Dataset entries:
* * * *

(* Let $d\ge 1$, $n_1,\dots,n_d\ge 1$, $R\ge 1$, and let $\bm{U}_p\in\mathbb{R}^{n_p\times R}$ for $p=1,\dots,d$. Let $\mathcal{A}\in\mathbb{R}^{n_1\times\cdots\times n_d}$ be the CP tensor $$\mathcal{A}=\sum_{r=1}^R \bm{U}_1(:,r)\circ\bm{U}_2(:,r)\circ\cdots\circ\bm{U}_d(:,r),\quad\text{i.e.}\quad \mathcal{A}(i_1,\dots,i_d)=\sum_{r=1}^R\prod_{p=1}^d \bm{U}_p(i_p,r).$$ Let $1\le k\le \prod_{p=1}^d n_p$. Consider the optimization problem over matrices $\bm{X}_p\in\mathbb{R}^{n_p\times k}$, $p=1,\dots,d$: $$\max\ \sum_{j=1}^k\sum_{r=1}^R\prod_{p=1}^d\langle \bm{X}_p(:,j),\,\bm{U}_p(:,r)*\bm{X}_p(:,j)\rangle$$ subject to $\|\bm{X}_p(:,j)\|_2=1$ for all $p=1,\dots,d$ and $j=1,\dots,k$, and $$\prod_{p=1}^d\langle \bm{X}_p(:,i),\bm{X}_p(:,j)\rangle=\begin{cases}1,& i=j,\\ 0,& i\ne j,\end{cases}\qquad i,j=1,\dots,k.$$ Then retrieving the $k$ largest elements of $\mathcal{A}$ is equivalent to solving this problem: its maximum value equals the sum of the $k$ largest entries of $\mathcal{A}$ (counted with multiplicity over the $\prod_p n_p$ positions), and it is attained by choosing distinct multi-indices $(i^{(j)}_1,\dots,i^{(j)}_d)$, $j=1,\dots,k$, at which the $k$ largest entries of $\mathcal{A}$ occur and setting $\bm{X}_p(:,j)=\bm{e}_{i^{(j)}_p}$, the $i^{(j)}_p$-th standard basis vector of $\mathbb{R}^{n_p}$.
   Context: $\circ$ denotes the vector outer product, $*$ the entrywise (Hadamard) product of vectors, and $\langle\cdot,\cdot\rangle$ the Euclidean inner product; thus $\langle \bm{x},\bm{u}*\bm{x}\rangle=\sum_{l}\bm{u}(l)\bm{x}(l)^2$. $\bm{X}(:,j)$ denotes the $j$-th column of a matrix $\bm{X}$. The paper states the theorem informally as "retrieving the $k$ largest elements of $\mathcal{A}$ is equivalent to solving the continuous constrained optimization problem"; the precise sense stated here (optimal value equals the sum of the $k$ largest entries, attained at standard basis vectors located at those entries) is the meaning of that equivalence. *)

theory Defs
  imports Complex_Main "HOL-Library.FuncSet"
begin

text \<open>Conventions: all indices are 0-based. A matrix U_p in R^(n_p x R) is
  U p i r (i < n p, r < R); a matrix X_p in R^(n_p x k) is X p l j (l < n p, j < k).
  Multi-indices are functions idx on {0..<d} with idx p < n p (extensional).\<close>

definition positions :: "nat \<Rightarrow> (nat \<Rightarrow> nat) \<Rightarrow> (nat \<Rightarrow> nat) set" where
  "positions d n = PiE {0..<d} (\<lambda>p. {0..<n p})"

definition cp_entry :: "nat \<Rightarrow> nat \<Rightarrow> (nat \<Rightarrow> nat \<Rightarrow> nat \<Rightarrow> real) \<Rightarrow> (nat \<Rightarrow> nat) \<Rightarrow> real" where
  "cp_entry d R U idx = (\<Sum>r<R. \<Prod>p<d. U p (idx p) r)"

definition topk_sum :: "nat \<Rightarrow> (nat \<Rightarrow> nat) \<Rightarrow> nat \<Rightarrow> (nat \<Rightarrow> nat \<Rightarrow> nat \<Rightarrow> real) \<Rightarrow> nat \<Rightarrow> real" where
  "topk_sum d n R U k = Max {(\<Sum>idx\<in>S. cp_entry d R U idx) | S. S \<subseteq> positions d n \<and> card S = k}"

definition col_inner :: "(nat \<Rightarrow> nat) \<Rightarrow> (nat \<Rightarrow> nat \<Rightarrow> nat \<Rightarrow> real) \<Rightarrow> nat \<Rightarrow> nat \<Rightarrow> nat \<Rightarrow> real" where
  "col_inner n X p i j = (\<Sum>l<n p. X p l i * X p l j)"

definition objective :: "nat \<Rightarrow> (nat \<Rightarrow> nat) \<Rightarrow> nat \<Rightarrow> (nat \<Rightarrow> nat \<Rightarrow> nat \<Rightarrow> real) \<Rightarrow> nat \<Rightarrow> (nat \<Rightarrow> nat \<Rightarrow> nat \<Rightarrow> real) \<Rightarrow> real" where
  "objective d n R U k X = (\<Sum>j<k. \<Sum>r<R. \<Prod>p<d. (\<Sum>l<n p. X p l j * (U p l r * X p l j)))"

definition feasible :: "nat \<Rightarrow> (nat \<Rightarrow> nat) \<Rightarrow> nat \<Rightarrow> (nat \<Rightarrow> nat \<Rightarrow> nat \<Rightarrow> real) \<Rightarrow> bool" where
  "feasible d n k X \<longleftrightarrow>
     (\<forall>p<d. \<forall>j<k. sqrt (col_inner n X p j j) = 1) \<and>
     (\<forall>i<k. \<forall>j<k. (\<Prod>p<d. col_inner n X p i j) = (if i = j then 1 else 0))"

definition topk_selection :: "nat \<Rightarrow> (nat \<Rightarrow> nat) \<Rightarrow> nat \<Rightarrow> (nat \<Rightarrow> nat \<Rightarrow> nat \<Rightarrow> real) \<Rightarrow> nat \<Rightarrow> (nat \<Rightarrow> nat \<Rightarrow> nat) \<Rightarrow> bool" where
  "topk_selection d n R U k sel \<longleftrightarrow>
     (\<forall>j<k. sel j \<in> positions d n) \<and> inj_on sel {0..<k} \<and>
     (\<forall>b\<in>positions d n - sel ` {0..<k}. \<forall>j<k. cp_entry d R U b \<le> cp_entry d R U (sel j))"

* * * *

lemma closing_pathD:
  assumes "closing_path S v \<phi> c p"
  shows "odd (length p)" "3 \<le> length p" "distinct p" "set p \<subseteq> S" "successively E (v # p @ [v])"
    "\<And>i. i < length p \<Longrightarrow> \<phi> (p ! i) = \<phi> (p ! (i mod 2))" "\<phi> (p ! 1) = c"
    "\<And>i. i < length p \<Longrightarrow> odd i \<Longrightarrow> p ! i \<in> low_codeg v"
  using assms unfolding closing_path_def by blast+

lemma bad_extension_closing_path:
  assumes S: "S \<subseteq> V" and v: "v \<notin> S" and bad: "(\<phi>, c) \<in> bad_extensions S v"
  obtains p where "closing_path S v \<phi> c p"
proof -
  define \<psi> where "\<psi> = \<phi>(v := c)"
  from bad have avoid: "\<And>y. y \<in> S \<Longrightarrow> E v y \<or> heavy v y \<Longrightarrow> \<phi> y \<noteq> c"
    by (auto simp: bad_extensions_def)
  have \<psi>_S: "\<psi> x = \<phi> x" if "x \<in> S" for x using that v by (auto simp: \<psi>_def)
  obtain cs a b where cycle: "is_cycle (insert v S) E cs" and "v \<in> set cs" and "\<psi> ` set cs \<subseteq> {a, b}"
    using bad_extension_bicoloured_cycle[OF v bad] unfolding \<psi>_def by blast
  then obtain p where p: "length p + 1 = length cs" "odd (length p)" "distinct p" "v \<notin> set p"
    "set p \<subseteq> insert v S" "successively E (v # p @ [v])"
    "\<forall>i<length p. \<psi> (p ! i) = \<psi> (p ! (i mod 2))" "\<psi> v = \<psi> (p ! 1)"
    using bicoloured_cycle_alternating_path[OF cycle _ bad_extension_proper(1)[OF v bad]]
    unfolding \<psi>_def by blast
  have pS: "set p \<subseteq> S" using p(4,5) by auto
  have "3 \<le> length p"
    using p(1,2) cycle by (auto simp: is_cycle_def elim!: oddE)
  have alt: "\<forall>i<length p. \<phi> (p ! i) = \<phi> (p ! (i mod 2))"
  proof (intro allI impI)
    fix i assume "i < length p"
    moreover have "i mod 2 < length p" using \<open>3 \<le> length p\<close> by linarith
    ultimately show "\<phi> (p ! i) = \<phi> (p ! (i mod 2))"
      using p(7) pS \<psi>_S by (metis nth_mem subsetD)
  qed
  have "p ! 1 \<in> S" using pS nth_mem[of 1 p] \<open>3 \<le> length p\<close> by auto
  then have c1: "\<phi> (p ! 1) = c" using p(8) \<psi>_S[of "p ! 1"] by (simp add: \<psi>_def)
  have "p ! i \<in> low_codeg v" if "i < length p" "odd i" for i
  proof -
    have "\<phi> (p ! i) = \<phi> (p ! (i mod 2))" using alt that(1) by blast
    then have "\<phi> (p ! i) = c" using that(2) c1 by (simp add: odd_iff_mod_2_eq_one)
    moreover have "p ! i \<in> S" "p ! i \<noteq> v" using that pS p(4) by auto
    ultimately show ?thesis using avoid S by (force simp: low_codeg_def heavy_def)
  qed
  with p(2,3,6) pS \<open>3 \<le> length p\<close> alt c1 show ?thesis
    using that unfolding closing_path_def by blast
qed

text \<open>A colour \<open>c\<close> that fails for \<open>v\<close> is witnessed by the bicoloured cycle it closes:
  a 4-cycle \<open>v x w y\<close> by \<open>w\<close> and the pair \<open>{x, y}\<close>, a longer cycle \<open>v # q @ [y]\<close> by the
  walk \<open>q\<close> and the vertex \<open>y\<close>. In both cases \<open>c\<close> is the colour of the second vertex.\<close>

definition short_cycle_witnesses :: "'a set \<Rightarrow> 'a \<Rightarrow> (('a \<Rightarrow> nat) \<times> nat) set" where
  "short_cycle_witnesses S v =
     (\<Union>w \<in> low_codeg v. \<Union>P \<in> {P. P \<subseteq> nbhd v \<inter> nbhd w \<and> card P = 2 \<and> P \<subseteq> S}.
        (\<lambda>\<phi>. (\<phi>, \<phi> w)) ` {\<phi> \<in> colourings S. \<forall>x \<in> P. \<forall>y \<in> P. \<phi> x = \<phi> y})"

* * * *

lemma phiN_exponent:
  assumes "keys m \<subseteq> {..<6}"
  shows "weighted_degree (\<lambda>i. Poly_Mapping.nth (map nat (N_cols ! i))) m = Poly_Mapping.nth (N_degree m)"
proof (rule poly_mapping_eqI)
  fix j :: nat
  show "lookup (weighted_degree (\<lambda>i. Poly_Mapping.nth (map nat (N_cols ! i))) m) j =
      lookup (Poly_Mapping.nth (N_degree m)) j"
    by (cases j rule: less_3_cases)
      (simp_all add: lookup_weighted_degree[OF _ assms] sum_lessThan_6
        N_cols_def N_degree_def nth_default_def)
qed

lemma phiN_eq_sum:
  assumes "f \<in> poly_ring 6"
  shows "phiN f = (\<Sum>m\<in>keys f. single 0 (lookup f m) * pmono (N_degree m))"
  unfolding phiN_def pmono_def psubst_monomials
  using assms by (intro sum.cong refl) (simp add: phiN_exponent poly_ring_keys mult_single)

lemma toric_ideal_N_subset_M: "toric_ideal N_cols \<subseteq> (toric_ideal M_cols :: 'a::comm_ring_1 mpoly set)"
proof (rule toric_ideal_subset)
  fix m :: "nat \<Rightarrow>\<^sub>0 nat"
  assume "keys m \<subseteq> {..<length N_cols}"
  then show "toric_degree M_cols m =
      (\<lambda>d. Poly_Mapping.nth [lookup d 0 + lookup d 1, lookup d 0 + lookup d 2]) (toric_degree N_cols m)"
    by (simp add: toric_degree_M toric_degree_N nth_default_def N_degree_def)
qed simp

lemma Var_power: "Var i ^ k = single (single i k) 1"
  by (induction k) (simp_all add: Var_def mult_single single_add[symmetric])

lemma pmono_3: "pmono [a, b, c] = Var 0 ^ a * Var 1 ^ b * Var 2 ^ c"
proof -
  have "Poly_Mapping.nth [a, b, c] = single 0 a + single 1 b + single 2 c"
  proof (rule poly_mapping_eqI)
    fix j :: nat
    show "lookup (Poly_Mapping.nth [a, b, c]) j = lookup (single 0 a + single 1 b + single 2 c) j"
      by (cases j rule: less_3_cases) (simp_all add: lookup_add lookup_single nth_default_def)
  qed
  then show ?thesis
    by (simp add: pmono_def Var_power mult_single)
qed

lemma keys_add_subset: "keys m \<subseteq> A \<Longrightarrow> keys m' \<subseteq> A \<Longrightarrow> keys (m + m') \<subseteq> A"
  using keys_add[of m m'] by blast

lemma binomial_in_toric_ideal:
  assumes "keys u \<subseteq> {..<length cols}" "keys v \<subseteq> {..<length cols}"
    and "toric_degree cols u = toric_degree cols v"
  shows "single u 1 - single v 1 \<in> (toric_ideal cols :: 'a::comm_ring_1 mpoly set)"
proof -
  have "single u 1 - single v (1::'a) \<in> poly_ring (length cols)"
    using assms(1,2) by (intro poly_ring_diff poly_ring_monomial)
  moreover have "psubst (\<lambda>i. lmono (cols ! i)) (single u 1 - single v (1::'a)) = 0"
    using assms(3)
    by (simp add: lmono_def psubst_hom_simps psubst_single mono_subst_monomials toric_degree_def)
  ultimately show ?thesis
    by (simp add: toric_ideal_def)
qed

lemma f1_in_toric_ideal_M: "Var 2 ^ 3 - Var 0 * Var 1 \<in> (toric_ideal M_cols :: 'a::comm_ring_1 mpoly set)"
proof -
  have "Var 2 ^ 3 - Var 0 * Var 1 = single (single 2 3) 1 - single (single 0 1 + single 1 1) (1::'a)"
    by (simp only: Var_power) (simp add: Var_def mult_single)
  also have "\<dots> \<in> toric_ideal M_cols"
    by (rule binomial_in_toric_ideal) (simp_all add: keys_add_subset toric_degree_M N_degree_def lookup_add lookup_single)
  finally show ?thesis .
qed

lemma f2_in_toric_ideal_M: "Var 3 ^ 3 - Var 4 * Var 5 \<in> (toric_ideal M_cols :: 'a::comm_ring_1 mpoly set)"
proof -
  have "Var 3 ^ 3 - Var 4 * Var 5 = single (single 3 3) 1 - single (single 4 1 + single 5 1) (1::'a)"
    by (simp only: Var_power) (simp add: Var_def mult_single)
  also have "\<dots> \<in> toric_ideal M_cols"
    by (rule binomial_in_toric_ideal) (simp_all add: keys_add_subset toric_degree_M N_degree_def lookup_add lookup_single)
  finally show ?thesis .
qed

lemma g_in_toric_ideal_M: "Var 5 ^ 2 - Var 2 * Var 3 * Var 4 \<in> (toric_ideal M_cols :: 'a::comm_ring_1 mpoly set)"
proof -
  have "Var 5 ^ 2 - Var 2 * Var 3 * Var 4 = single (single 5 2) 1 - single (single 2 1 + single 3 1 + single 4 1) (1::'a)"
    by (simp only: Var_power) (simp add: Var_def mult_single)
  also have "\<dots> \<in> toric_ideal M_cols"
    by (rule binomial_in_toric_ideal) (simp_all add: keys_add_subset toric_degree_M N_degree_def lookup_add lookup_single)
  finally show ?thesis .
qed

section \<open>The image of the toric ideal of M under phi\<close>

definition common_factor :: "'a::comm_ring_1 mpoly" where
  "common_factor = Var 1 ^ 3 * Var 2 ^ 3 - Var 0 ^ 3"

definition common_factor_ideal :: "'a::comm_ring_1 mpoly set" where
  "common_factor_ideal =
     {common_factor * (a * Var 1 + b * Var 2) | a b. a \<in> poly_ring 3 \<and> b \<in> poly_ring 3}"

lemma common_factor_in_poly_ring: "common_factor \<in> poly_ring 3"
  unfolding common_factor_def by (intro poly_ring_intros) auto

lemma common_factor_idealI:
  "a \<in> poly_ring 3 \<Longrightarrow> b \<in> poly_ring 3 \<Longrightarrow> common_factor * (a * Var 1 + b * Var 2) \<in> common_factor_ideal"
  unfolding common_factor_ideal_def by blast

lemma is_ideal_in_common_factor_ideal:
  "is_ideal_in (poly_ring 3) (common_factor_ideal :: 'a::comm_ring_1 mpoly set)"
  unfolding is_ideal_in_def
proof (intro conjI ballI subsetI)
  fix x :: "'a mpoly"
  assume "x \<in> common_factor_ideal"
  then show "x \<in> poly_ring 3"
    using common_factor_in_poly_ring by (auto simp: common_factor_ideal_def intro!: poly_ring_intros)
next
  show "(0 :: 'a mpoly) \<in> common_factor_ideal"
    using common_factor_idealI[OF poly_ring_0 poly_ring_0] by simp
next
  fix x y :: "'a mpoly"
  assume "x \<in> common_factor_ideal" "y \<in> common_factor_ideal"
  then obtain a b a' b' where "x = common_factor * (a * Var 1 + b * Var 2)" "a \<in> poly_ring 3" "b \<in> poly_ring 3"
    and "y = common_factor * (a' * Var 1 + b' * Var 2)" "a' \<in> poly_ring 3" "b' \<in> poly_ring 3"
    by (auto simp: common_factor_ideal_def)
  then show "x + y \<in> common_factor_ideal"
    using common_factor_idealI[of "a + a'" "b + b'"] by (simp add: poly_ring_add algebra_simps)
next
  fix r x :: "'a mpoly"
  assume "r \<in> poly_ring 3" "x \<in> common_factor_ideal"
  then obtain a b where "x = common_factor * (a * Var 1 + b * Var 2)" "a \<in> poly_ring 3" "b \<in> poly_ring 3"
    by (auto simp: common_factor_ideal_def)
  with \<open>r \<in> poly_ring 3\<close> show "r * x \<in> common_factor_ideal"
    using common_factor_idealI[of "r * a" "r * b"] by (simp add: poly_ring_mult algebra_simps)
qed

* * * *

▶ [WHAT THE TASK REQUIRES] Go through the data and count every line where the word "mpoly" appears. Give only that count.

▶ [SOLUTION TO THE PROBLEM] 12